Major Production Casts
| Character | Original Broadway Cast (1997) | Kennedy Center Cast (2008) | Tokyo, Japan Cast (2010/2011) | First Broadway Revival (2014) | Original London Cast (2016) |
|---|---|---|---|---|---|
| Daisy Hilton | Emily Skinner | Jenn Colella | Sakiho Juri | Emily Padgett | Louise Dearman |
| Violet Hilton | Alice Ripley | Lisa Brescia | Kei Takashiro | Erin Davie | Laura Pitt-Pulford |
| Terry Connor | Jeff McCarthy | Max von Essen | Takanori Shimomura | Ryan Silverman | Haydn Oakley |
| Buddy Foster | Hugh Panaro | Bobby Steggert | (2010) Kanata Irei (2011) Tomohiro Yoshida | Matthew Hydzik | Dominic Hodson |
| Jake | Norm Lewis | Michael McElroy | (2010) Koujirou Oka (2011) Mitsuo Yoshihara | David St. Louis | Jay Marsh |
| The Boss/Sir | Ken Jennings | Michael Mulheren | Ken'ya Ōsumi | Robert Joy | Christopher Howell |

==Production history==

===Original production===
Side Show opened on Broadway on October 16, 1997 at the Richard Rodgers Theatre. Robert Longbottom directed and choreographed, the sets were by Robin Wagner, costumes by Gregg Barnes and lighting by Brian MacDevitt. The cast starred Emily Skinner as Daisy Hilton and Alice Ripley as Violet Hilton. Also featured was J. Robert Spencer. Despite receiving some positive reviews, the show closed on January 3, 1998 after 31 previews and 91 regular performances. Original producers were Manny Azenberg and former actor Wayne Rogers. The show was nominated for four Tony Awards in 1998 at the 52nd Tony Awards.

===Regional theatre productions===
In 1998, TheatreWorks near San Francisco produced the regional premiere of Side Show at the Mountain View Center for the Performing Arts. The production was a critical and popular success, receiving a Garland Award (Los Angeles) and various Dean Goodman Critics Choice Awards (San Francisco). The production was directed by Robert Kelley and Bick Goss (Goss also choreographed). Kristin Behrendt, who had been a standby for (and performed) the role of Violet in the original Broadway cast, played the role of Daisy. The cast also included Debra Wiseman (Bullets Over Broadway, The Scarlet Pimpernel) as Violet, AJ Vincent (The Will Rogers Follies) as Terry (Dean Goodman Critics Choice Award Best Actor in a Musical), Pierce Peter Brandt (Les Miserables, Martin Guerre) as Buddy, and Stephonne Smith (The Scarlet Pimpernel) as Jake.

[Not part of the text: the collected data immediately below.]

lemma borel_measurable_lebesgue_on_AE_continuous_limit:
  fixes f :: "'a::euclidean_space \<Rightarrow> 'b::euclidean_space"
  assumes S: "S \<in> sets lebesgue" and f: "f \<in> borel_measurable (lebesgue_on S)"
  obtains g where "\<And>j. continuous_on UNIV (g j)" "AE x in lebesgue_on S. (\<lambda>j. g j x) \<longlonglongrightarrow> f x"
proof -
  have "f measurable_on S"
    using S f by (simp add: measurable_on_iff_borel_measurable)
  then obtain N g where N: "negligible N" and g: "\<And>j. continuous_on UNIV (g j)"
    and g_lim: "\<And>x. x \<notin> N \<Longrightarrow> (\<lambda>j. g j x) \<longlonglongrightarrow> (if x \<in> S then f x else 0)"
    unfolding measurable_on_def by blast
  have "AE x in lebesgue. x \<notin> N"
    using N by (intro AE_not_in) (simp add: negligible_iff_null_sets)
  then have "AE x in lebesgue_on S. x \<notin> N"
    using S by (simp add: AE_restrict_space_iff) (erule AE_mp, simp)
  then have "AE x in lebesgue_on S. (\<lambda>j. g j x) \<longlonglongrightarrow> f x"
  proof (rule AE_mp, intro AE_I2 impI)
    fix x assume "x \<in> space (lebesgue_on S)" "x \<notin> N"
    then show "(\<lambda>j. g j x) \<longlonglongrightarrow> f x"
      using g_lim[of x] by simp
  qed
  with g show ?thesis
    using that by blast
qed

lemma Lp_continuous_dense:
  fixes f :: "'a::euclidean_space \<Rightarrow> real"
  assumes S: "S \<in> lmeasurable" and p: "p \<ge> 1" and f: "f \<in> borel_measurable (lebesgue_on S)"
    and f_Lp: "integrable (lebesgue_on S) (\<lambda>x. \<bar>f x\<bar> powr p)" and e: "e > 0"
  obtains g where "continuous_on UNIV g" "integrable (lebesgue_on S) (\<lambda>x. \<bar>f x - g x\<bar> powr p)"
    "(LINT x|lebesgue_on S. \<bar>f x - g x\<bar> powr p) < e"
proof -
  note [measurable] = f
  interpret finite_measure "lebesgue_on S"
    using S by (rule finite_measure_lebesgue_on)
  define T where "T m t = max (- m) (min m t)" for m t :: real
  obtain m :: nat where m: "(LINT x|lebesgue_on S. \<bar>f x - T m (f x)\<bar> powr p) < e"
    using order_tendstoD(2)[OF Lp_truncation_tendsto[OF p f f_Lp] e]
    unfolding T_def by (auto simp: eventually_sequentially)
  obtain g where g: "\<And>j. continuous_on UNIV (g j)" and g_lim: "AE x in lebesgue_on S. (\<lambda>j. g j x) \<longlonglongrightarrow> f x"
    using borel_measurable_lebesgue_on_AE_continuous_limit[OF fmeasurableD[OF S] f] by blast
  \<comment> \<open>truncating \<open>g j\<close> at the level \<open>m\<close> makes the convergence dominated\<close>
  define k where "k j x = T m (g j x)" for j x
  have k: "continuous_on UNIV (k j)" for j
    unfolding k_def T_def by (intro continuous_intros g)
  have [measurable]: "k j \<in> borel_measurable (lebesgue_on S)" for j
    using S k by (intro continuous_imp_measurable_on_sets_lebesgue) (auto intro: continuous_on_subset fmeasurableD)
  define w where "w x = 3 powr (p - 1) * (\<bar>f x\<bar> powr p + real m powr p)" for x
  have w: "integrable (lebesgue_on S) w"
    unfolding w_def using f_Lp by simp
  have dominated: "\<bar>f x - k j x\<bar> powr p \<le> w x" for j x
  proof -
    have "\<bar>f x - k j x\<bar> powr p \<le> \<bar>\<bar>f x\<bar> + real m + 0\<bar> powr p"
      using p by (intro powr_mono2) (auto simp: k_def T_def)
    also have "\<dots> \<le> w x"
      using abs_add3_powr_le[OF p, of "\<bar>f x\<bar>" "real m" 0] p by (simp add: w_def)
    finally show ?thesis .
  qed
  have "AE x in lebesgue_on S. (\<lambda>j. \<bar>f x - k j x\<bar> powr p) \<longlonglongrightarrow> \<bar>f x - T m (f x)\<bar> powr p"
    using g_lim by eventually_elim (use p in \<open>auto simp: k_def T_def intro!: tendsto_intros\<close>)
  then have "(\<lambda>j. LINT x|lebesgue_on S. \<bar>f x - k j x\<bar> powr p) \<longlonglongrightarrow> (LINT x|lebesgue_on S. \<bar>f x - T m (f x)\<bar> powr p)"
    using w dominated unfolding T_def by (intro integral_dominated_convergence[where w=w]) auto
  from order_tendstoD(2)[OF this m] obtain j where "(LINT x|lebesgue_on S. \<bar>f x - k j x\<bar> powr p) < e"
    by (auto simp: eventually_sequentially)
  moreover have "integrable (lebesgue_on S) (\<lambda>x. \<bar>f x - k j x\<bar> powr p)"
    using dominated by (intro Bochner_Integration.integrable_bound[OF w] AE_I2)
      (auto intro: order_trans[OF _ abs_ge_self])
  ultimately show ?thesis
    using that k by blast
qed

section \<open>Convergence in \<open>L\<^sup>p\<close>\<close>

lemma integral_abs_Cop_diff_powr_tendsto_continuous:
  fixes g :: "real ^ 'd::finite \<Rightarrow> real"
  assumes a: "a > 0" and p: "p \<ge> 1" and g: "continuous_on cube g"
  shows "(\<lambda>n. LINT x|lebesgue_on cube. \<bar>Cop a n g x - g x\<bar> powr p) \<longlonglongrightarrow> 0"
proof (rule LIMSEQ_I)
  fix e :: real assume e: "e > 0"
  have "(e / 2) powr (1 / p) > 0"
    using e by simp
  from uniform_limit_Cop[OF a g, unfolded uniform_limit_sequentially_iff dist_real_def, rule_format, OF this]
  obtain N where N: "\<And>n x. n \<ge> N \<Longrightarrow> x \<in> cube \<Longrightarrow> \<bar>Cop a n g x - g x\<bar> < (e / 2) powr (1 / p)"
    by blast
  have "(LINT x|lebesgue_on cube. \<bar>Cop a n g x - g x\<bar> powr p) < e" if "n \<ge> N" for n
  proof -
    have "integrable (lebesgue_on cube) (\<lambda>x. \<bar>Cop a n g x - g x\<bar> powr p)"
      using p g by (intro integrable_abs_powr_continuous_on_cube continuous_intros) auto
    then have "(LINT x|lebesgue_on cube. \<bar>Cop a n g x - g x\<bar> powr p) \<le> (LINT x|lebesgue_on (cube :: (real ^ 'd) set). e / 2)"
    proof (rule integral_mono)
      fix x :: "real ^ 'd" assume "x \<in> space (lebesgue_on cube)"
      then have "\<bar>Cop a n g x - g x\<bar> \<le> (e / 2) powr (1 / p)"
        using N[OF \<open>n \<ge> N\<close>, of x] by simp
      then have "\<bar>Cop a n g x - g x\<bar> powr p \<le> ((e / 2) powr (1 / p)) powr p"
        using p by (intro powr_mono2) auto
      then show "\<bar>Cop a n g x - g x\<bar> powr p \<le> e / 2"
        using e p by (simp add: powr_powr)
    qed (simp add: integrable_continuous_on_cube)
    then show ?thesis
      using e by simp
  qed
  then show "\<exists>N. \<forall>n\<ge>N. norm ((LINT x|lebesgue_on cube. \<bar>Cop a n g x - g x\<bar> powr p) - 0) < e"
    by (auto intro!: exI[of _ N])
qed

In 2001, Signature Theatre Company's production starred Amy Goldberger (Daisy), Sherri Edelen (Violet), Will Gartshore (Buddy Foster), Matt Bogart (Terry Connor), Eric Jordan Young (Jake), and Michael Sharp (The Boss).

An abridged version of Side Show was presented at the Kennedy Center in Washington, D.C. October 2–5, 2008 as part of their Broadway: Three Generations production. Jenn Colella and Lisa Brescia played Daisy and Violet, respectively, Bobby Steggert played Buddy, and Max von Essen played Terry.

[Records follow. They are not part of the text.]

text \<open>In generalised elements: a point of \<open>dm p1\<close> is a pair \<open>(\<rho>1, \<rho>2)\<close> of points of R
  with equal X-coordinate and \<open>\<phi>\<close> sends it to \<open>(x \<rho>1, y \<rho>1, z \<rho>2)\<close>; a point of
  \<open>dm p2\<close> is a pair \<open>(\<rho>3, \<rho>4)\<close> with equal Y-coordinate and \<open>\<psi>\<close> sends it to
  \<open>(x \<rho>4, y \<rho>3, z \<rho>3)\<close>. On the pullback \<open>D = dm d\<phi>\<close> both agree, so the coordinates
  of the majority map are matched pairwise by \<open>\<rho>1\<close> (X, Y), \<open>\<rho>2\<close> (X, Z) and
  \<open>\<rho>3\<close> (Y, Z).\<close>

locale majority_diagram = category_ctx +
  fixes X Y Z P \<pi> R r p1 q1 p2 q2 \<phi> \<psi> d\<phi> d\<psi>
  assumes product: "is_product C 3 (triple X Y Z) P \<pi>"
    and r: "r \<in> homs C R P"
    and kernel_pair_X: "is_pullback C (\<pi> 0 \<cdot> r) (\<pi> 0 \<cdot> r) p1 q1"
    and kernel_pair_Y: "is_pullback C (\<pi> 1 \<cdot> r) (\<pi> 1 \<cdot> r) p2 q2"
    and \<phi>: "\<phi> \<in> homs C (dm p1) P" "\<pi> 0 \<cdot> \<phi> = \<pi> 0 \<cdot> (r \<cdot> p1)"
      "\<pi> 1 \<cdot> \<phi> = \<pi> 1 \<cdot> (r \<cdot> p1)" "\<pi> 2 \<cdot> \<phi> = \<pi> 2 \<cdot> (r \<cdot> q1)"
    and \<psi>: "\<psi> \<in> homs C (dm p2) P" "\<pi> 0 \<cdot> \<psi> = \<pi> 0 \<cdot> (r \<cdot> q2)"
      "\<pi> 1 \<cdot> \<psi> = \<pi> 1 \<cdot> (r \<cdot> p2)" "\<pi> 2 \<cdot> \<psi> = \<pi> 2 \<cdot> (r \<cdot> p2)"
    and glue: "is_pullback C \<phi> \<psi> d\<phi> d\<psi>"
begin

lemma proj_hom: "\<pi> 0 \<in> homs C P X" "\<pi> 1 \<in> homs C P Y" "\<pi> 2 \<in> homs C P Z"
  using product_proj[OF product, of 0] product_proj[OF product, of 1]
    product_proj[OF product, of 2]
  by (simp_all add: triple_def)

lemma diagram_homs:
  "p1 \<in> homs C (dm p1) R" "q1 \<in> homs C (dm p1) R" "p2 \<in> homs C (dm p2) R" "q2 \<in> homs C (dm p2) R"
  "d\<phi> \<in> homs C (dm d\<phi>) (dm p1)" "d\<psi> \<in> homs C (dm d\<phi>) (dm p2)"
  using pullback_arrs[OF kernel_pair_X] pullback_arrs[OF kernel_pair_Y] pullback_arrs[OF glue]
    proj_hom r \<phi>(1) \<psi>(1)
  by (simp_all add: homs_def)

lemmas homs = proj_hom diagram_homs r \<phi>(1) \<psi>(1)

abbreviation majority_map where "majority_map \<equiv> \<phi> \<cdot> d\<phi>"

lemma \<phi>_comp:
  assumes "v \<in> homs C T (dm p1)"
  shows "\<pi> 0 \<cdot> (\<phi> \<cdot> v) = \<pi> 0 \<cdot> (r \<cdot> (p1 \<cdot> v))" "\<pi> 1 \<cdot> (\<phi> \<cdot> v) = \<pi> 1 \<cdot> (r \<cdot> (p1 \<cdot> v))"
    "\<pi> 2 \<cdot> (\<phi> \<cdot> v) = \<pi> 2 \<cdot> (r \<cdot> (q1 \<cdot> v))" "\<pi> 0 \<cdot> (r \<cdot> (q1 \<cdot> v)) = \<pi> 0 \<cdot> (r \<cdot> (p1 \<cdot> v))"
  using assms homs comp_assoc_eq[OF \<phi>(2), of v] comp_assoc_eq[OF \<phi>(3), of v]
    comp_assoc_eq[OF \<phi>(4), of v] comp_assoc_eq[OF pullback_arrs(3)[OF kernel_pair_X], of v]
  by (simp_all add: homs_def)

lemma \<psi>_comp:
  assumes "v \<in> homs C T (dm p2)"
  shows "\<pi> 0 \<cdot> (\<psi> \<cdot> v) = \<pi> 0 \<cdot> (r \<cdot> (q2 \<cdot> v))" "\<pi> 1 \<cdot> (\<psi> \<cdot> v) = \<pi> 1 \<cdot> (r \<cdot> (p2 \<cdot> v))"
    "\<pi> 2 \<cdot> (\<psi> \<cdot> v) = \<pi> 2 \<cdot> (r \<cdot> (p2 \<cdot> v))"
  using assms homs comp_assoc_eq[OF \<psi>(2), of v] comp_assoc_eq[OF \<psi>(3), of v]
    comp_assoc_eq[OF \<psi>(4), of v]
  by (simp_all add: homs_def)

lemma factors_through_majority_map:
  assumes u: "u1 \<in> homs C S R" "u2 \<in> homs C S R" "u3 \<in> homs C S R" and w: "w \<in> homs C S P"
    and agree: "\<pi> 0 \<cdot> (r \<cdot> u1) = \<pi> 0 \<cdot> (r \<cdot> u2)" "\<pi> 1 \<cdot> (r \<cdot> u3) = \<pi> 1 \<cdot> (r \<cdot> u1)"
      "\<pi> 2 \<cdot> (r \<cdot> u3) = \<pi> 2 \<cdot> (r \<cdot> u2)"
    and w_comp: "\<pi> 0 \<cdot> w = \<pi> 0 \<cdot> (r \<cdot> u1)" "\<pi> 1 \<cdot> w = \<pi> 1 \<cdot> (r \<cdot> u1)"
      "\<pi> 2 \<cdot> w = \<pi> 2 \<cdot> (r \<cdot> u2)"
  shows "mem_sub C w majority_map"
proof -
  have "u1 \<in> homs C S (dm (\<pi> 0 \<cdot> r))" "u2 \<in> homs C S (dm (\<pi> 0 \<cdot> r))"
    "(\<pi> 0 \<cdot> r) \<cdot> u1 = (\<pi> 0 \<cdot> r) \<cdot> u2"
    using u agree(1) homs by (simp_all add: homs_def)
  then obtain \<delta>1 where \<delta>1: "\<delta>1 \<in> homs C S (dm p1)" "p1 \<cdot> \<delta>1 = u1" "q1 \<cdot> \<delta>1 = u2"
    by (rule pullback_lift[OF kernel_pair_X])
  have "u3 \<in> homs C S (dm (\<pi> 1 \<cdot> r))" "u1 \<in> homs C S (dm (\<pi> 1 \<cdot> r))"
    "(\<pi> 1 \<cdot> r) \<cdot> u3 = (\<pi> 1 \<cdot> r) \<cdot> u1"
    using u agree(2) homs by (simp_all add: homs_def)
  then obtain \<delta>2 where \<delta>2: "\<delta>2 \<in> homs C S (dm p2)" "p2 \<cdot> \<delta>2 = u3" "q2 \<cdot> \<delta>2 = u1"
    by (rule pullback_lift[OF kernel_pair_Y])
  have \<phi>\<delta>1: "\<phi> \<cdot> \<delta>1 = w"
    by (rule product3_ext[OF product]) (use \<delta>1 \<phi>_comp[OF \<delta>1(1)] w w_comp homs in \<open>simp_all add: homs_def\<close>)
  have "\<psi> \<cdot> \<delta>2 = w"
    by (rule product3_ext[OF product])
      (use \<delta>2 \<psi>_comp[OF \<delta>2(1)] w w_comp agree homs in \<open>simp_all add: homs_def\<close>)
  then have "\<delta>1 \<in> homs C S (dm \<phi>)" "\<delta>2 \<in> homs C S (dm \<psi>)" "\<phi> \<cdot> \<delta>1 = \<psi> \<cdot> \<delta>2"
    using \<phi>\<delta>1 \<delta>1(1) \<delta>2(1) homs by (simp_all add: homs_def)
  then obtain \<sigma> where \<sigma>: "\<sigma> \<in> homs C S (dm d\<phi>)" "d\<phi> \<cdot> \<sigma> = \<delta>1"
    by (rule pullback_lift[OF glue])
  then have "(\<phi> \<cdot> d\<phi>) \<cdot> \<sigma> = w"
    using \<phi>\<delta>1 homs by (simp add: homs_def)
  with \<sigma> show ?thesis
    unfolding mem_sub_def using w homs by (auto simp: homs_def)
qed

===Revised version; Broadway revival===
A revised version of the musical ran at the La Jolla Playhouse in La Jolla, California, in late 2013. Bill Condon directed, with Erin Davie as Violet and Emily Padgett as Daisy. The show had a "darker approach" and "incorporates new songs as well as additional biographical details of the Hilton twins' life and historical figures of the era." Several new songs were added. In Act 1, Terry sings "Very Well Connected" to try to convince the twins that he can get them booked on the Orpheum Circuit. Buddy teaches the girls a song called "Typical Girls Next Door". During a backstory flashback, British physicians sing "Cut Them Apart" while the girls sing "I Will Never Leave You" for the first time. Harry Houdini (Javier Ignacio) teaches the girls to tune out all distractions around them in order to get some private time ("All in the Mind"). When the girls are being brought to the US, Sir sings "Come See a New Land" ("Come Look at the Freaks" reworked). The twins' first big performance is a new song, "Ready to Play." Act 2 opens with a new number, "Stuck With You", featuring the twins, Buddy, and a boy with whom Buddy seems to be having a relationship. This is followed by "Leave Me Alone", moved to Act 2. "New Year's Day" was reworked and added to "New Year's Eve". "Tunnel of Love" was reworked as "A Great Wedding Show." Several other songs from the original were cut: "You Deserve a Better Life", "Crazy, Deaf and Blind", "More Than We Bargained For", "When I'm By Your Side", "Overnight Sensation", "We Share Everything", "Rare Songbirds on Display", and "Beautiful Day for a Wedding".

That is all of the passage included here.